31 de mayo de 2008
31.05.2008
corvera

Raras amapolas en la ribera del Arlós

La presencia de plantas parecidas a la del opio en una finca de Las Vegas moviliza a vecinos y policías

31.05.2008 | 02:00
Las raras amapolas, ayer, en primer término, en la finca de los Py.

Illán GARCÍA

Las Vegas,

En las riberas del río Arlós crecen extrañas amapolas. Unas plantas que, aunque nadie ha podido probar que lo sean, tienen mucha semejanza con las adormideras. De esos vegetales, conocidos científicamente como «Papaver somniferum», se extrae el opio, una droga narcótica que se obtiene en forma de resina de las cabezas verdes de las plantas. La adormidera puede llegar a crecer hasta metro y medio de altura; sus flores pueden ser de color blanco, violeta o fucsia, ésta última como es el caso de las supuestamente halladas en la finca de los Py, en la localidad de Las Vegas. Este vegetal se utiliza en la industria farmacéutica para elaborar compuestos medicinales a base de morfina o codeína.


Según fuentes policiales consultadas, en el caso de que las extrañas amapolas de Las Vegas fueran la «planta del opio», pudieron haber nacido en la zona de forma espontánea.
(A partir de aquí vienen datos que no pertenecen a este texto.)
lemma rank_one_subgroup_ratio_rational:
  assumes "rank_one_subgroup H" "x \<in> H" "y \<in> H" "x \<noteq> 0"
  shows "\<exists>q. y = of_rat q * x"
proof -
  have S: "add_subgroup H" using assms(1) by (simp add: rank_one_subgroup_def)
  obtain Q and \<phi> :: "real \<Rightarrow> rat" where bij: "bij_betw \<phi> H Q"
    and add: "\<forall>x\<in>H. \<forall>y\<in>H. \<phi> (x + y) = \<phi> x + \<phi> y"
    using assms(1) unfolding rank_one_subgroup_def by blast
  have inj: "inj_on \<phi> H" using bij by (simp add: bij_betw_def)
  have "\<phi> 0 = 0" using additive_on_subgroup_int_mult[OF S assms(2) add, of 0] by simp
  moreover have "0 \<in> H" using S by (simp add: add_subgroup_def)
  ultimately have "\<phi> x \<noteq> 0" using inj assms(2,4) by (metis inj_on_def)
  obtain p r where pr: "quotient_of (\<phi> y / \<phi> x) = (p, r)" by fastforce
  have "r > 0" using quotient_of_denom_pos[OF pr] .
  have "of_int r * \<phi> y = of_int p * \<phi> x"
    using quotient_of_div[OF pr] \<open>\<phi> x \<noteq> 0\<close> \<open>r > 0\<close> by (simp add: field_simps)
  then have "\<phi> (of_int r * y) = \<phi> (of_int p * x)"
    using additive_on_subgroup_int_mult[OF S _ add] assms(2,3) by simp
  then have "of_int r * y = of_int p * x"
    using inj add_subgroup_int_mult[OF S] assms(2,3) by (meson inj_on_def)
  then have "y = of_rat (of_int p / of_int r) * x"
    using \<open>r > 0\<close> by (simp add: of_rat_divide field_simps)
  then show ?thesis ..
qed

text \<open>Bezout: if \<open>y/x = n/m\<close> in lowest terms, then \<open>x/m = u x + v y\<close> with \<open>u m + v n = 1\<close>.\<close>
lemma add_subgroup_common_submultiple:
  assumes S: "add_subgroup H" and "x \<in> H" "y \<in> H" "0 < x" "0 < y" "y = of_rat q * x"
  shows "\<exists>t\<in>H. 0 < t \<and> (\<exists>m n::nat. 0 < m \<and> 0 < n \<and> x = real m * t \<and> y = real n * t)"
proof -
  obtain n m where nm: "quotient_of q = (n, m)" by fastforce
  have "m > 0" using quotient_of_denom_pos[OF nm] .
  have q: "of_rat q = (of_int n / of_int m :: real)"
    using quotient_of_div[OF nm] by (simp add: of_rat_divide)
  have "n > 0" using assms(4-6) \<open>m > 0\<close> q by (simp add: zero_less_mult_iff zero_less_divide_iff)
  obtain u v where uv: "u * m + v * n = 1"
    using bezout_int[of m n] quotient_of_coprime[OF nm] by (auto simp: coprime_commute)
  define t where "t = x / of_int m"
  have xt: "x = of_int m * t" and yt: "y = of_int n * t"
    using \<open>m > 0\<close> assms(6) q by (simp_all add: t_def)
  have "t = of_int (u * m + v * n) * t" using uv by simp
  also have "\<dots> = of_int u * x + of_int v * y" by (simp add: xt yt algebra_simps)
  finally have "t \<in> H"
    using add_subgroup_int_mult[OF S assms(2)] add_subgroup_int_mult[OF S assms(3)] S
    by (simp add: add_subgroup_def)
  moreover have "0 < t" using assms(4) \<open>m > 0\<close> by (simp add: t_def)
  moreover have "x = real (nat m) * t \<and> y = real (nat n) * t"
    using xt yt \<open>m > 0\<close> \<open>n > 0\<close> by simp
  ultimately show ?thesis using \<open>m > 0\<close> \<open>n > 0\<close> by (metis zero_less_nat_eq)
qed

lemma C_obj_interval: "0 \<le> a \<Longrightarrow> a < b \<Longrightarrow> C_obj {a<..<b}"
  unfolding C_obj_def by blast

lemma C_hom_inclusion: "V \<subseteq> W \<Longrightarrow> 1 \<in> C_hom V W"
  unfolding C_hom_def by auto

lemma C_obj_nhd:
  assumes "C_obj W" "z \<in> W" "0 < z"
  shows "\<exists>d>0. d \<le> z \<and> {z - d<..<z + d} \<subseteq> W"
  using assms unfolding C_obj_def
proof (elim disjE exE conjE)
  fix a b assume "W = {a<..<b}" "0 \<le> a"
  then show ?thesis using assms by (intro exI[of _ "min (z - a) (b - z)"]) auto
next
  fix b assume "W = {0..<b}"
  then show ?thesis using assms by (intro exI[of _ "min z (b - z)"]) auto
qed (use assms in simp)

lemma C_hom_scaled_interval:
  assumes "0 < m" "0 < e" "real m * e \<le> d" "{real m * t - d<..<real m * t + d} \<subseteq> W"
  shows "m \<in> C_hom {t - e<..<t + e} W"
proof -
  have close: "\<bar>real m * x - real m * t\<bar> < d" if "\<bar>x - t\<bar> < e" for x
  proof -
    have "\<bar>real m * x - real m * t\<bar> = real m * \<bar>x - t\<bar>"
      by (simp add: abs_mult flip: right_diff_distrib)
    also have "\<dots> < real m * e" using that \<open>0 < m\<close> by simp
    finally show ?thesis using assms(3) by linarith
  qed
  have "(\<lambda>x. real m * x) ` {t - e<..<t + e} \<subseteq> {real m * t - d<..<real m * t + d}"
  proof (rule image_subsetI)
    fix x assume "x \<in> {t - e<..<t + e}"
    then have "\<bar>x - t\<bar> < e" by auto
    from close[OF this] show "real m * x \<in> {real m * t - d<..<real m * t + d}" by auto
  qed
  with assms(4) have "(\<lambda>x. real m * x) ` {t - e<..<t + e} \<subseteq> W" by blast
  then show ?thesis using assms(1,2) by (simp add: C_hom_def)
qed

lemma FH_functor:
  assumes "add_subgroup H"
  shows "C_functor (FH_obj H) FH_mor"
  unfolding C_functor_def
proof (intro conjI allI impI)
  fix V W n x assume "n \<in> C_hom V W" "x \<in> FH_obj H V"
  then show "FH_mor n V W x \<in> FH_obj H W"
    using add_subgroup_int_mult[OF assms, of x "int n"]
    by (auto simp: C_hom_def FH_obj_def FH_mor_def split: if_splits)
qed (auto simp: C_comp_def FH_obj_def FH_mor_def)

lemma FH_continuous: "C_continuous (FH_obj H) FH_mor"
  unfolding C_continuous_def FH_obj_def FH_mor_def by auto

lemma FH_nonempty:
  assumes "add_subgroup H" "H \<noteq> {0}"
  shows "\<exists>C. C_obj C \<and> FH_obj H C \<noteq> {}"
proof -
  obtain h where "h \<in> H" "h \<noteq> 0" using assms by (auto simp: add_subgroup_def)
  then have "\<bar>h\<bar> \<in> FH_obj H {0<..<\<bar>h\<bar> + 1}"
    using assms(1) by (auto simp: FH_obj_def add_subgroup_def abs_if)
  moreover have "C_obj {0<..<\<bar>h\<bar> + 1}" by (rule C_obj_interval) auto
  ultimately show ?thesis by blast
qed
(* Let $G$ be a connected graph obtained by point-attaching from pairwise disjoint connected graphs $G_1,\dots,G_k$. Then $\chi_{dom}(G)\le \chi_{dom}(G_1)+\chi_{dom}(G_2)+\cdots+\chi_{dom}(G_k)$.
   Context: All graphs are finite and simple. A dominated coloring of a graph is a proper coloring in which every color class is dominated by at least one vertex, i.e. for each color class $C$ there is a vertex adjacent to every vertex of $C$; $\chi_{dom}$ denotes the minimum number of colors in a dominated coloring. Point-attaching: given pairwise disjoint connected graphs $G_1,\dots,G_k$, select a vertex of $G_1$ and a vertex of $G_2$ and identify them; then continue inductively, each time identifying a vertex of the graph built so far with a vertex of the next $G_i$. The resulting connected graph is said to be obtained by point-attaching from $G_1,\dots,G_k$. *)

theory Defs
  imports Main
begin

type_synonym 'a graph = "'a set \<times> ('a \<times> 'a) set"

definition verts :: "'a graph \<Rightarrow> 'a set" where "verts G = fst G"
definition edges :: "'a graph \<Rightarrow> ('a \<times> 'a) set" where "edges G = snd G"

definition simple_graph :: "'a graph \<Rightarrow> bool" where
  "simple_graph G \<longleftrightarrow> finite (verts G) \<and> edges G \<subseteq> verts G \<times> verts G
     \<and> sym (edges G) \<and> irrefl (edges G)"

definition connected_graph :: "'a graph \<Rightarrow> bool" where
  "connected_graph G \<longleftrightarrow> simple_graph G \<and> verts G \<noteq> {}
     \<and> (\<forall>x\<in>verts G. \<forall>y\<in>verts G. (x, y) \<in> (edges G)\<^sup>*)"

definition dominated_coloring :: "'a graph \<Rightarrow> ('a \<Rightarrow> nat) \<Rightarrow> bool" where
  "dominated_coloring G c \<longleftrightarrow>
     (\<forall>(x, y) \<in> edges G. c x \<noteq> c y)
     \<and> (\<forall>i \<in> c ` verts G. \<exists>w \<in> verts G.
           \<forall>x \<in> verts G. c x = i \<longrightarrow> (w, x) \<in> edges G)"

definition chi_dom :: "'a graph \<Rightarrow> nat" where
  "chi_dom G = (LEAST n. \<exists>c. dominated_coloring G c \<and> card (c ` verts G) = n)"

definition attach :: "'a graph \<Rightarrow> 'a \<Rightarrow> 'a graph \<Rightarrow> 'a \<Rightarrow> 'a graph" where
  "attach G u H v =
     (let r = (\<lambda>x. if x = v then u else x) in
      (verts G \<union> r ` verts H, edges G \<union> (\<lambda>(x, y). (r x, r y)) ` edges H))"

inductive point_attaching :: "'a graph list \<Rightarrow> 'a graph \<Rightarrow> bool" where
  single: "point_attaching [G] G"
| step: "point_attaching Gs G \<Longrightarrow> u \<in> verts G \<Longrightarrow> v \<in> verts H \<Longrightarrow>
           point_attaching (Gs @ [H]) (attach G u H v)"

end

theory Submission
  imports Defs
begin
Abundando en la cuestión, Asturias no es el lugar idóneo para este tipo de vegetales. Los lugares donde más habitualmente se pueden encontrar estas plantas en España son Toledo, Ciudad Real y Albacete.


Fue un ingeniero agrónomo quien dio la voz de alarma al concejal de Participación Ciudadana, Rafael Alonso, de la existencia de una supuesta plantación de catorce «extrañas amapolas» con apariencia de supuestas adormideras en una finca de Las Vegas. Como prueba de que el especialista en plantas estaba en lo cierto, entregó al concejal una fotocopia en la que se podía ver una fotografía de la planta, bajo un título que rezaba: «Flor de opio».


Alonso telefoneó entonces a la Policía Local para tomar las pertinentes medidas y «arrancar» las catorce adormideras que se encontraban en la zona. A los diez minutos de la llamada, dos agentes de la Policía Local se personaron en la zona para inspeccionar las polémicas plantas. Pero los agentes no pudieron entrar a cortar las supuestas plantas de opio ya que el terreno donde crecen es propiedad privada y se prevé la construcción de pisos.


Los policías se intentaron poner en contacto con la empresa propietaria del terreno, pero nadie respondía ayer al teléfono. Eran las dos y cuarto de la tarde. A continuación, la Policía Local avisó a la Guardia Civil, que hizo personarse en la calle Palacio Valdés de Las Vegas a dos agentes más. Durante varios minutos, los vecinos de Las Vegas miraban atónitos a los agentes preguntándose qué podía pasar en una finca donde desde hace semanas lo único que se pueden ver son unas «simples» amapolas de color fucsia.